Are you using the machine at all?

The most basic question is also the most commonly skipped. Before asking whether an instance is the right size or priced correctly, it is worth confirming whether it needs to be running at all.

Forgotten test environments, instances spun up for a sprint and never shut down, infrastructure that outlasted the urgency that created it: these are the most straightforward sources of EC2 waste, and they persist because nobody had clear visibility into what was still running.

Are you using the right size?

Once it is clear that an instance is genuinely in use, the next question is whether it is sized correctly for the workload it is running. This is what most EC2 optimization discussions focus on, and for good reason. An instance provisioned generously at launch tends to stay that size long after usage patterns have stabilized.

Cloud instances work a lot like office space in this regard.

A team of three paying rent on a floor built for twenty is consuming resources that have no corresponding value.
A team of twenty in a space built for five runs into capacity issues that affect performance.

The right size is specific to the workload, and it changes as the workload evolves.

Are you paying the right rate?

Even a correctly-sized instance that runs only when needed can be significantly overpriced if the payment model has not been thought through.

AWS offers three ways to pay for EC2, and the difference between them is substantial:

On-Demand charges full price with no commitment
Savings Plans (SP) and Reserved Instances (RI) offer up to 72% off in exchange for a one or three-year commitment
Spot Instances offer spare AWS capacity at up to 90% off but can be reclaimed by AWS at any time

Each model suits a different type of workload, and choosing the wrong one for a stable, long-running workload is one of the most common sources of avoidable EC2 spend.

Why the order matters

Each of these three questions builds on the one before it, and the sequence matters as much as the questions themselves.

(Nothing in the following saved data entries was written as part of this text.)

lemma distr_lborel_vec_reindex:
  fixes r :: "'m::finite \<Rightarrow> 'n::finite"
  assumes r: "bij r"
  shows "distr lborel borel (vec_reindex r :: real^'n \<Rightarrow> real^'m) = lborel"
proof (rule lborel_eqI[symmetric])
  fix l u :: "real^'m"
  assume le: "\<And>b. b \<in> Basis \<Longrightarrow> l \<bullet> b \<le> u \<bullet> b"
  have lu: "l $ j \<le> u $ j" for j
    using le[of "axis j 1"] by (auto simp: Basis_vec_def inner_axis)
  have [measurable]: "vec_reindex r \<in> borel_measurable (borel :: (real^'n) measure)"
    by (rule borel_measurable_vec_reindex)
  have "vec_reindex r -` box l u = box (vec_reindex (inv r) l) (vec_reindex (inv r) u)"
    using r by (rule vimage_vec_reindex_box)
  then have "emeasure (distr lborel borel (vec_reindex r)) (box l u)
      = ennreal (\<Prod>i\<in>UNIV. u $ inv r i - l $ inv r i)"
    using lu by (simp add: emeasure_distr emeasure_lborel_box_cart vec_reindex_def)
  also have "(\<Prod>i\<in>UNIV. u $ inv r i - l $ inv r i) = (\<Prod>j\<in>UNIV. u $ j - l $ j)"
    using prod.reindex_bij_betw[OF bij_imp_bij_inv[OF r], of "\<lambda>j. u $ j - l $ j"] by simp
  finally show "emeasure (distr lborel borel (vec_reindex r)) (box l u)
      = (\<Prod>b\<in>Basis. (u - l) \<bullet> b)"
    by (simp only: prod_Basis_vec vector_minus_component)
qed (rule sets_distr)

lemma measure_vec_reindex_image:
  fixes r :: "'m::finite \<Rightarrow> 'n::finite" and S :: "(real^'n) set"
  assumes r: "bij r" and S: "S \<in> sets borel"
  shows "measure lebesgue (vec_reindex r ` S) = measure lebesgue S"
proof -
  have [measurable]: "vec_reindex (inv r) \<in> borel_measurable (borel :: (real^'m) measure)"
    by (rule borel_measurable_vec_reindex)
  have pre: "vec_reindex r ` S = vec_reindex (inv r) -` S"
    using r by (rule image_vec_reindex)
  have "measure lborel S = measure (distr lborel borel (vec_reindex (inv r))) S"
    by (simp add: distr_lborel_vec_reindex bij_imp_bij_inv[OF r])
  also have "\<dots> = measure lborel (vec_reindex r ` S)"
    using S by (simp add: measure_distr pre)
  moreover have "vec_reindex (inv r) -` S \<in> sets borel"
    by (rule measurable_sets_borel[OF borel_measurable_vec_reindex S])
  ultimately show ?thesis
    using S by (simp add: pre measure_completion)
qed

section \<open>Volume of lattice polytopes\<close>

definition integer_points :: "(real^'n) set" where
  "integer_points = {x. \<forall>i. x $ i \<in> \<int>}"

lemma det_in_Ints:
  fixes A :: "real^'n::finite^'n"
  assumes "\<And>i j. A $ i $ j \<in> \<int>"
  shows "det A \<in> \<int>"
  unfolding det_def by (intro Ints_sum Ints_mult Ints_prod) (auto simp: assms)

A horizontal flow diagram showing three sequential EC2 cost optimization decision points. Step one asks "Are you using the machine at all?" with the label "Idle spend" if skipped. Step two asks "Are you using the right size?" with the label "Over-provisioning" if skipped. Step three asks "Are you paying the right rate?" with the label "Pricing waste" if skipped. Dashed arrows connect each step left to right, with a scale along the bottom running from "Surface" to "Highest leverage." — Three diagnostic questions for EC2 cost optimization, each building on the last. Skipping any one of them means the savings from the next step are built on the wrong foundation.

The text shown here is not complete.